Instructions for the task: Lines to restate from the data below: from the one containing "M_pos by (simp add: power_numeral_reduce)" to the one containing "using pcov_diag_below_ge[OF km", both included. Give them again exactly, and only them.

Source material:
lemma edge_pcorr_below_ge:
  assumes jk: "(j, k) \<in> E" and below: "(k, l) \<in> E\<^sup>+" and ld: "l < d"
  shows "1/(2 * M^4) \<le> \<bar>pcorr S j k (Some l)\<bar>"
  unfolding pcorr_edge_below_eq(2)[OF assms]
proof (rule screened_corr_ge)
  have jd: "j < d" and kd: "k < d" using edge_less jk by auto
  obtain m where km: "(k, m) \<in> E" and ml: "(m, l) \<in> E\<^sup>*" using below by (meson tranclD)
  have lk: "l \<noteq> k" using below acyclic_edges by (auto simp: acyclic_def)
  show "beta k j \<noteq> 0" using edge_weight_bounds(1)[OF jk] .
  show "0 < S j j" using cov_diag_pos[OF jd] .
  show "0 < pcov S k l l" using less_le_trans[OF residual_bound_pos pcov_diag_ge[of l k]] ld kd lk by blast
  show "0 < (Lam l k)\<^sup>2 * ((beta k j)\<^sup>2 * S j j + s2 k) + pcov S k l l"
    using pcorr_edge_below_eq(1)[OF assms] .
  show "0 \<le> s2 k" "0 \<le> 1/(2 * M^4)" using s2_pos[OF kd] M_pos by auto
  have "1/M^3 = (1/M\<^sup>2) * (1/M)" by (simp add: power_numeral_reduce)
  also have "\<dots> \<le> (beta k j)\<^sup>2 * S j j"
    using edge_weight_bounds(2)[OF jk] cov_diag_ge[OF jd] M_pos by (intro mult_mono) auto
  finally have "M \<le> M^4 * ((beta k j)\<^sup>2 * S j j)"
    using M_pos by (simp add: power_numeral_reduce divide_le_eq mult_ac)
  then show "s2 k \<le> M^4 * ((beta k j)\<^sup>2 * S j j)" using s2_le[OF kd] by linarith
  have "(Lam l k)\<^sup>2 * s2 k \<le> (Lam l k)\<^sup>2 * M" using s2_le[OF kd] by (simp add: mult_left_mono)
  also have "\<dots> = M^4 * ((Lam l k)\<^sup>2 / M^3)" using M_pos by (simp add: power_numeral_reduce)
  also have "\<dots> \<le> M^4 * pcov S k l l"
    using pcov_diag_below_ge[OF km ml ld] M_pos by (intro mult_left_mono) auto
  finally show "(Lam l k)\<^sup>2 * s2 k \<le> M^4 * pcov S k l l" .
  have "(1 + M^4)\<^sup>2 \<le> (2 * M^4)\<^sup>2" using M_gt_1 by (intro power_mono) (auto simp: one_le_power)
  moreover have "0 < (2 * M^4)\<^sup>2" using M_pos by simp
  ultimately show "(1/(2 * M^4))\<^sup>2 * ((1 + M^4) * (1 + M^4)) \<le> 1"
    by (simp add: power_divide divide_le_eq power2_eq_square)
qed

Exercise solution:
  also have "\<dots> = M^4 * ((Lam l k)\<^sup>2 / M^3)" using M_pos by (simp add: power_numeral_reduce)
  also have "\<dots> \<le> M^4 * pcov S k l l"
    using pcov_diag_below_ge[OF km ml ld] M_pos by (intro mult_left_mono) auto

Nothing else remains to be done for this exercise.